» Exercise directions
Compute how many lines in the data below hold the word "assumes", then report that number with nothing else.

» Recorded data

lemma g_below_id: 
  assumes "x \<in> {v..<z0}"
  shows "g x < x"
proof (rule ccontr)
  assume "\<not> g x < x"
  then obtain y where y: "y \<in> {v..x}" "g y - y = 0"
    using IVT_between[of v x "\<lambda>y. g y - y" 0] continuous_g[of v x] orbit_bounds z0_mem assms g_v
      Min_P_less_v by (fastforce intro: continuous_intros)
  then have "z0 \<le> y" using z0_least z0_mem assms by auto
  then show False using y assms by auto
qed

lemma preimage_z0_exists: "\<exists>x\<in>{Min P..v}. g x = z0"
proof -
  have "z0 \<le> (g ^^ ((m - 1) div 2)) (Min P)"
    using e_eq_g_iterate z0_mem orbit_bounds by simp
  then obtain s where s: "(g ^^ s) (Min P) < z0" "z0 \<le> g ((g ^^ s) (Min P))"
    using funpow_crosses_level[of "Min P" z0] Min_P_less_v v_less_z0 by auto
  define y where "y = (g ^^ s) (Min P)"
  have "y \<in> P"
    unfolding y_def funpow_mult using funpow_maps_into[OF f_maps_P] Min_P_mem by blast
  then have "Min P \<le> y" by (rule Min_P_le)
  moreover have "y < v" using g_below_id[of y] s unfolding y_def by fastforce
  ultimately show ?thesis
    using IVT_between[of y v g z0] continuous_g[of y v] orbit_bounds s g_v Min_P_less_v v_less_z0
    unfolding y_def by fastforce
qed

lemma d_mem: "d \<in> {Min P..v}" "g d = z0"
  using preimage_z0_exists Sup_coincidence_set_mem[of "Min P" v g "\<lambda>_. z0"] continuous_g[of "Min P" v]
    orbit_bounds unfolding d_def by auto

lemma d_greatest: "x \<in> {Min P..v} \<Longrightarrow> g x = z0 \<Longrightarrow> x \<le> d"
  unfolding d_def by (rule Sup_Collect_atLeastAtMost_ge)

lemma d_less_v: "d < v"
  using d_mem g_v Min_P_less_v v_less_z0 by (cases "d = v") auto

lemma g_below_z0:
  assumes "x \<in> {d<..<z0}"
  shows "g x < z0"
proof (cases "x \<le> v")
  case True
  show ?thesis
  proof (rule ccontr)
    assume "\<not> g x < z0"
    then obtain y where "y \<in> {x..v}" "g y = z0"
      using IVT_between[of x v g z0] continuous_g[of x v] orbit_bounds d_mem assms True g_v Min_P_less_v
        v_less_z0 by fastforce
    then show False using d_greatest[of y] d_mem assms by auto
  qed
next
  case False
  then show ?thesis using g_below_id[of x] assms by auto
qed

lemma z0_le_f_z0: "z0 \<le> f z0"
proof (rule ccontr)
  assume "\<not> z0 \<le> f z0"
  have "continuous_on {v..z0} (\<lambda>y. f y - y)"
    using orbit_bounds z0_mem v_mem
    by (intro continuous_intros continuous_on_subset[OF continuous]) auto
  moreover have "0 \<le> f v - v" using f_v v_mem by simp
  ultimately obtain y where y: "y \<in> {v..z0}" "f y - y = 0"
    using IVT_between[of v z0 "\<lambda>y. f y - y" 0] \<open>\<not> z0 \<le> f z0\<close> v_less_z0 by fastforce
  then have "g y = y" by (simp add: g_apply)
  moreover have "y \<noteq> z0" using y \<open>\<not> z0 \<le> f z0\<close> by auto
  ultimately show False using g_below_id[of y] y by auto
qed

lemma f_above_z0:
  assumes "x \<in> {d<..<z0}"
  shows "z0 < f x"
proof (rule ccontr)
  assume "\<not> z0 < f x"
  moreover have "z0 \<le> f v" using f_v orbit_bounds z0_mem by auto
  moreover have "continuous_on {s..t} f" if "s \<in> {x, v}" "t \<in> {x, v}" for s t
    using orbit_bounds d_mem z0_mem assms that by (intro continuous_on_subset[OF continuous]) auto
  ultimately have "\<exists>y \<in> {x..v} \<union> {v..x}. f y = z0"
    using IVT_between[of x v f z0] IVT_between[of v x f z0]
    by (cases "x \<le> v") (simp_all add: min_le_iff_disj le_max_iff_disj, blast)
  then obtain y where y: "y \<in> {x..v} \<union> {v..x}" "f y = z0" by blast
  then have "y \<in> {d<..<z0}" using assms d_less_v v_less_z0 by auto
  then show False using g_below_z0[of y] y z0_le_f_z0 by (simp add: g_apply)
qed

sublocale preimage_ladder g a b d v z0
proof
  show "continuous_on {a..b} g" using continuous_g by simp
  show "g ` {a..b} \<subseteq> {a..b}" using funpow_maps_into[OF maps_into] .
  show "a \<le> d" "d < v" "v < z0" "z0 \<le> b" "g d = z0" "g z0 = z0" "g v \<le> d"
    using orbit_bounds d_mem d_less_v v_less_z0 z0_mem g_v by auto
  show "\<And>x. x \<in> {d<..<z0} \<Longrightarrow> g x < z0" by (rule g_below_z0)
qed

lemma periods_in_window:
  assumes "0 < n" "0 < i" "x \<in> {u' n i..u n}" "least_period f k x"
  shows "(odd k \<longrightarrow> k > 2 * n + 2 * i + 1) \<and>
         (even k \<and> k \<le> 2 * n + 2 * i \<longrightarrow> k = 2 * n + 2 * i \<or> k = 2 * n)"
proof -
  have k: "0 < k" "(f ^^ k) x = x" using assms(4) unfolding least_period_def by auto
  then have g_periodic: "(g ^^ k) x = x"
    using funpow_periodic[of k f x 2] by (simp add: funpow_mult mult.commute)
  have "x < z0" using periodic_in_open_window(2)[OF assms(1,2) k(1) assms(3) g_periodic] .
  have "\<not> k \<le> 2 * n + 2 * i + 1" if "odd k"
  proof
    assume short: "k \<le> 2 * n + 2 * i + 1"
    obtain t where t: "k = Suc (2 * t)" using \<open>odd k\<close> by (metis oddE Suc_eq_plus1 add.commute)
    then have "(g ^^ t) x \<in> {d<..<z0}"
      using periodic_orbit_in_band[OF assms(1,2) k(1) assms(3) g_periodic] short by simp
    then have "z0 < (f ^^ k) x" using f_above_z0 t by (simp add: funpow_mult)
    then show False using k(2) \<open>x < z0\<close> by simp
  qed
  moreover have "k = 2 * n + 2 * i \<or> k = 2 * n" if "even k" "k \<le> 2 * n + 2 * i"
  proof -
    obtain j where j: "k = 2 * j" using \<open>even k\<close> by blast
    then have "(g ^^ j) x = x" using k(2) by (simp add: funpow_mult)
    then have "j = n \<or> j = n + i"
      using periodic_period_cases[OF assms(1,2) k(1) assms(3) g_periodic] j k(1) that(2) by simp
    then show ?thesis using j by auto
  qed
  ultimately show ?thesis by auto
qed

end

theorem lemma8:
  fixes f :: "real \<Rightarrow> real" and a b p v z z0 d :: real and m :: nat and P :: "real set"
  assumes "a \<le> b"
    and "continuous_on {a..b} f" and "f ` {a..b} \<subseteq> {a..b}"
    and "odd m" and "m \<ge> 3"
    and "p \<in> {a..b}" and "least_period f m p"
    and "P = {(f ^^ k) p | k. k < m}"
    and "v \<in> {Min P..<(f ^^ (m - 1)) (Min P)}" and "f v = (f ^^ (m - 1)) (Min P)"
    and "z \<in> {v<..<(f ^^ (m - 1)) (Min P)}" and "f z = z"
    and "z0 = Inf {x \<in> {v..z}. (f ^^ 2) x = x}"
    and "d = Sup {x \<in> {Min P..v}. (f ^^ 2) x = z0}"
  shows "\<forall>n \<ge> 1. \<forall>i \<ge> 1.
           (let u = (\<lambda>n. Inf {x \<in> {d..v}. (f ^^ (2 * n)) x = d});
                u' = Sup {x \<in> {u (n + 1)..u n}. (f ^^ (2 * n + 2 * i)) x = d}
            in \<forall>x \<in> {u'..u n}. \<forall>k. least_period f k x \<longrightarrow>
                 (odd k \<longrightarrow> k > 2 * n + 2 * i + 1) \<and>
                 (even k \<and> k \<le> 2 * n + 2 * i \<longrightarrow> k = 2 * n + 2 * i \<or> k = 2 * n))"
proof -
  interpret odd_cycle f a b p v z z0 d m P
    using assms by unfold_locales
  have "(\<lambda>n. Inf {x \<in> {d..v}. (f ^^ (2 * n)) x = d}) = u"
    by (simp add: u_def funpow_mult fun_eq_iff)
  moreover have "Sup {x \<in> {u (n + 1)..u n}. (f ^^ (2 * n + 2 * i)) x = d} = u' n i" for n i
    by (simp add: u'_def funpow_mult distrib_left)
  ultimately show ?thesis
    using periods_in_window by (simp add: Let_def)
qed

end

» Response to the task
5